## Quantitative data types

• Expressed numerically, and ordered on a scale
• Interval data: increase at constant intervals, but do not start at zero, eg. temperature on the Celsius scale
• Ratio data: interval data which has a true zero, eg. pressure
• Binary data: yes or no answers
• Discrete data: isolated data points separated by gaps
• Continuous data: part of a continuous range of values

This sort of data is described by measures of central tendency, dispersion, and "shape".

### Measure of central tendency

• This is the average of a population - allowing the population to be represented by a single value.
• Examples: Median, mode (value which occurs most frequently) and the means (arithmetic mean and geometric mean)

### Measures of variability

• These describe the dispersion of data around some sort of mean.
• Range: the highest and the lowest score
• Percentile: the percentage band into which the score falls (mean = the 50th percentile)
• Deviation: distance between an observed score and the mean score
• Variance: deviation squared
• Standard deviation: square root of variance
• Measure of the average spread of individual samples from the mean
• Reporting the SD along with the mean gives one the impression of how valid that mean value actually is (i.e. if the SD is huge, the mean is totally invalid - it is not an accurate measure of central tendency, because the data is so widely scattered.)
• Standard error
• This is an estimate of spread of samples around the population mean.
• You dont known the population mean- you only know the sample mean and the standard deviation for your sample, but if the standard deviation is large, the sample mean may be rather far from the population mean.
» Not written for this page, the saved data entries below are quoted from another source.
lemma dstep_expands:
  assumes "wf_scftg G"
  shows "dstep G (prods G) t t' \<Longrightarrow> expands G t' v \<Longrightarrow> expands G t v"
proof (induction arbitrary: v rule: dstep.induct)
  case (apply0 n r)
  then show ?case by (rule expands_NT0)
next
  case (apply1 n r u)
  with wf_scftg_holes_N1[OF assms] expands_subst_holeD[OF assms]
  obtain C v' where "expands G r C" "expands G u v'" "v = subst_hole C v'"
    by blast
  with apply1 show ?case by (auto intro: expands_NT1)
next
  case (congT t t' f xs ys)
  then obtain vs1 vt vs2 where "v = Term f (vs1 @ vt # vs2)" "expands G t' vt"
    "list_all2 (expands G) xs vs1" "list_all2 (expands G) ys vs2"
    by (auto elim!: expands_TermE simp: list_all2_append1 list_all2_Cons1)
  with congT.IH show ?case by (auto intro!: expands_Term list_all2_appendI)
next
  case (congN t t' m xs ys)
  then have "\<exists>u. xs @ t' # ys = [u]" by (auto elim: expands_NTE)
  then have "xs = []" "ys = []" by (auto simp: append_eq_Cons_conv)
  with congN obtain r C v' where "(m, r) \<in> prods G" "m \<in> N1 G" "expands G r C"
    "expands G t' v'" "v = subst_hole C v'"
    by (auto elim: expands_NTE)
  with congN.IH \<open>xs = []\<close> \<open>ys = []\<close> show ?case by (auto intro: expands_NT1)
qed
lemma one_in_finalists_near_hatP:
  assumes "m \<ge> 2" "tb \<in> rankings m"
    and near: "\<forall>p\<in>rankings m. \<bar>P p - hatP m \<theta> p\<bar> < \<epsilon>"
    and small: "4 * (fact m * \<epsilon>) < (\<theta> * (5 * real m - 3) - (real m - 3)) / (2 * real m)"
    and gain: "\<forall>p\<in>rankings m. prefers p 1 w \<longrightarrow> P p \<le> Q p"
    and "\<forall>p. 0 \<le> Q p" "total m Q = total m P" "w \<in> finalists m tb Q"
  shows "1 \<in> finalists m tb Q"
proof (rule ccontr)
  assume out: "1 \<notin> finalists m tb Q"
  let ?R = "rankings m" and ?\<delta> = "fact m * \<epsilon>"
  obtain x where x: "x \<in> finalists m tb Q" "x \<noteq> w"
    using ex_other_finalist[OF assms(2,1)] by blast
  have fin: "finalists m tb Q = {w, x}"
    using card_finalists[OF assms(2,1), of Q] assms(8) x by (auto simp: card_2_iff)
  have wx: "w \<in> {1..m}" "x \<in> {1..m}" "w \<noteq> 1" "x \<noteq> 1"
    using finalists_subset[OF assms(2,1), of Q] fin out by auto
  have one: "1 \<in> {1..m}"
    using assms(1) by simp
  let ?Z = "{p \<in> ?R. hd p \<notin> {w, x} \<and> prefers p 1 w}"
  have "2 * plu ?R Q 1 + sum Q ?Z \<le> total m Q"
    by (rule plu_twice_add_sum_le_total[OF assms(2,1,6)]) (use one out fin in auto)
  moreover have "plu ?R P 1 \<le> plu ?R Q 1"
  proof -
    have "P p \<le> Q p" if "p \<in> ?R" "hd p = 1" for p
      using gain ranking_prefers_hd[OF that(1) wx(1)] that wx(3) by simp
    then show ?thesis
      unfolding plu_def by (intro sum_mono) auto
  qed
  moreover have "sum P ?Z \<le> sum Q ?Z"
    using gain by (intro sum_mono) auto
  moreover have "(1 - \<theta>) / m + \<theta> - ?\<delta> \<le> plu ?R P 1"
    using abs_sum_diff_le[OF near, of "{p \<in> ?R. hd p = 1}"] plu_hatP[OF one, of \<theta>] by (simp add: plu_def)
  moreover have "\<theta> + (1 - \<theta>) / 2 - (1 - \<theta>) / (2 * real m) - ?\<delta> \<le> sum P ?Z"
    using abs_sum_diff_le[OF near, of ?Z] sum_hatP_prefers_one_not_hd[OF wx(1,2,3,4) x(2)[symmetric], of \<theta>]
    by simp
  moreover have "total m P \<le> 1 + ?\<delta>"
    using abs_sum_diff_le[OF near, of ?R] total_hatP[of m \<theta>] by (simp add: total_def)
  moreover have "(\<theta> * (5 * real m - 3) - (real m - 3)) / (2 * real m)
      = 2 * ((1 - \<theta>) / m + \<theta>) + (\<theta> + (1 - \<theta>) / 2 - (1 - \<theta>) / (2 * real m)) - 1"
    using assms(1) by (simp add: field_simps)
  ultimately show False
    using small assms(7) by argo
qed

lemma not_CM_near_hatP:
  assumes "m \<ge> 2" "tb \<in> rankings m"
    and near: "\<forall>p\<in>rankings m. \<bar>P p - hatP m \<theta> p\<bar> < \<epsilon>"
    and small: "3 * (fact m * \<epsilon>) < \<theta>"
      "4 * (fact m * \<epsilon>) < (\<theta> * (5 * real m - 3) - (real m - 3)) / (2 * real m)"
  shows "\<not> CM m tb P"
proof
  assume "CM m tb P"
  then obtain Q where Q: "is_profile m Q" "total m Q = total m P" "trs m tb Q \<noteq> 1"
    and moved: "\<forall>p\<in>rankings m. Q p < P p \<longrightarrow> prefers p (trs m tb Q) 1"
    using trs_near_hatP[OF assms(1,2) near small(1)] unfolding CM_def by auto
  define w where "w = trs m tb Q"
  have w: "w \<in> finalists m tb Q" "w \<noteq> 1"
    using trs_in_finalists[of m tb Q] Q(3) by (simp_all add: w_def)
  then have "w \<in> {1..m}"
    using finalists_subset[OF assms(2,1), of Q] by blast
  have gain: "\<forall>p\<in>rankings m. prefers p 1 w \<longrightarrow> P p \<le> Q p"
    using moved ranking_prefers_asym unfolding w_def by force
  have "\<forall>p. 0 \<le> Q p"
    using Q(1) by (simp add: is_profile_def)
  then have "1 \<in> finalists m tb Q"
    using one_in_finalists_near_hatP[OF assms(1,2) near small(2) gain] Q(2) w(1) by blast
  then have "trs m tb Q \<noteq> w"
    using trs_ne_if_one_in_finalists[OF assms(1,2) near small(1) gain Q(2) \<open>w \<in> {1..m}\<close> w(2)] by blast
  then show False
    by (simp add: w_def)
qed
How far is it? The SE can estimate this.

Standard Error (SE) = SD / square root of n

• The variability among sample means will be increased if there is (a) a wide variability of individual data and (b) small samples
• SE is used to calculate the confidence interval.

### Shape of the data

• This vaguely refers to the shape of the probability distribution bell curve.
• Skewness is a measure of the assymetry of the probability distribution - the tendency of the bell curve to be assymmetrical.
• Kurtosis or "peakedness" describes the width and height of the peak of the bell curve, i.e. the tendency for the scores to gather around the middle of the bell curve.
• A normal distribution is a perfectly symmetrical bell curve, and is not skewed.